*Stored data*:
_ _ _ _
(* Let $R$ be an $n\times n$ symmetric random matrix whose entries $R_{i,j}$, $1\leq i\leq j\leq n$, are independent with $R_{i,j}=1-p_{i,j}$ with probability $p_{i,j}$ and $R_{i,j}=-p_{i,j}$ with probability $1-p_{i,j}$. Let $p=\max_{i,j}p_{i,j}$ and suppose $p\geq c\frac{\log^3 n}{n}$ for a sufficiently large absolute constant $c$. Then for every $u\in\{1,\dots,n\}$, every positive integer $k$, and every sufficiently large constant $C$, $$\Pr\Big[|e_u^\top R^ks|>\frac1{\sqrt n}\big(C\sqrt{np\log n}\big)^k\Big]\leq\exp(-\Omega(C\log n)).$$
   Context: $s\in\mathbb{R}^n$ is the signal vector with $s(i)=1/\sqrt n$ for $i\in S$ and $-1/\sqrt n$ for $i\in T$, where $S,T$ partition $\{1,\dots,n\}$ into halves; $e_u$ is the $u$-th standard basis vector. *)

theory Defs
  imports "HOL-Probability.Probability"
begin

text \<open>Vectors in R^n are functions nat => real, indices 0..n-1; matrices nat => nat => real.\<close>

definition mat_vec :: "nat \<Rightarrow> (nat \<Rightarrow> nat \<Rightarrow> real) \<Rightarrow> (nat \<Rightarrow> real) \<Rightarrow> (nat \<Rightarrow> real)" where
  "mat_vec n A v = (\<lambda>i. \<Sum>j<n. A i j * v j)"

definition upper_idx :: "nat \<Rightarrow> (nat \<times> nat) set" where
  "upper_idx n = {(i, j). i \<le> j \<and> j < n}"

definition entry_pmf :: "real \<Rightarrow> real pmf" where
  "entry_pmf q = map_pmf (\<lambda>b. if b then 1 - q else - q) (bernoulli_pmf q)"

definition entries_pmf :: "nat \<Rightarrow> (nat \<Rightarrow> nat \<Rightarrow> real) \<Rightarrow> (nat \<times> nat \<Rightarrow> real) pmf" where
  "entries_pmf n P = Pi_pmf (upper_idx n) 0 (\<lambda>(i, j). entry_pmf (P i j))"

definition sym_mat :: "(nat \<times> nat \<Rightarrow> real) \<Rightarrow> nat \<Rightarrow> nat \<Rightarrow> real" where
  "sym_mat X i j = X (min i j, max i j)"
_ _ _ _
*ASSIGNMENT*: If a line comes after the one that contains "real) \<Rightarrow> nat", leave it out; return every line of the entries up to that point exactly, starting with the first, with that line included.

*SOLVED EXERCISE*:
(* Let $R$ be an $n\times n$ symmetric random matrix whose entries $R_{i,j}$, $1\leq i\leq j\leq n$, are independent with $R_{i,j}=1-p_{i,j}$ with probability $p_{i,j}$ and $R_{i,j}=-p_{i,j}$ with probability $1-p_{i,j}$. Let $p=\max_{i,j}p_{i,j}$ and suppose $p\geq c\frac{\log^3 n}{n}$ for a sufficiently large absolute constant $c$. Then for every $u\in\{1,\dots,n\}$, every positive integer $k$, and every sufficiently large constant $C$, $$\Pr\Big[|e_u^\top R^ks|>\frac1{\sqrt n}\big(C\sqrt{np\log n}\big)^k\Big]\leq\exp(-\Omega(C\log n)).$$
   Context: $s\in\mathbb{R}^n$ is the signal vector with $s(i)=1/\sqrt n$ for $i\in S$ and $-1/\sqrt n$ for $i\in T$, where $S,T$ partition $\{1,\dots,n\}$ into halves; $e_u$ is the $u$-th standard basis vector. *)

theory Defs
  imports "HOL-Probability.Probability"
begin

text \<open>Vectors in R^n are functions nat => real, indices 0..n-1; matrices nat => nat => real.\<close>

definition mat_vec :: "nat \<Rightarrow> (nat \<Rightarrow> nat \<Rightarrow> real) \<Rightarrow> (nat \<Rightarrow> real) \<Rightarrow> (nat \<Rightarrow> real)" where
  "mat_vec n A v = (\<lambda>i. \<Sum>j<n. A i j * v j)"

definition upper_idx :: "nat \<Rightarrow> (nat \<times> nat) set" where
  "upper_idx n = {(i, j). i \<le> j \<and> j < n}"

definition entry_pmf :: "real \<Rightarrow> real pmf" where
  "entry_pmf q = map_pmf (\<lambda>b. if b then 1 - q else - q) (bernoulli_pmf q)"

definition entries_pmf :: "nat \<Rightarrow> (nat \<Rightarrow> nat \<Rightarrow> real) \<Rightarrow> (nat \<times> nat \<Rightarrow> real) pmf" where
  "entries_pmf n P = Pi_pmf (upper_idx n) 0 (\<lambda>(i, j). entry_pmf (P i j))"

definition sym_mat :: "(nat \<times> nat \<Rightarrow> real) \<Rightarrow> nat \<Rightarrow> nat \<Rightarrow> real" where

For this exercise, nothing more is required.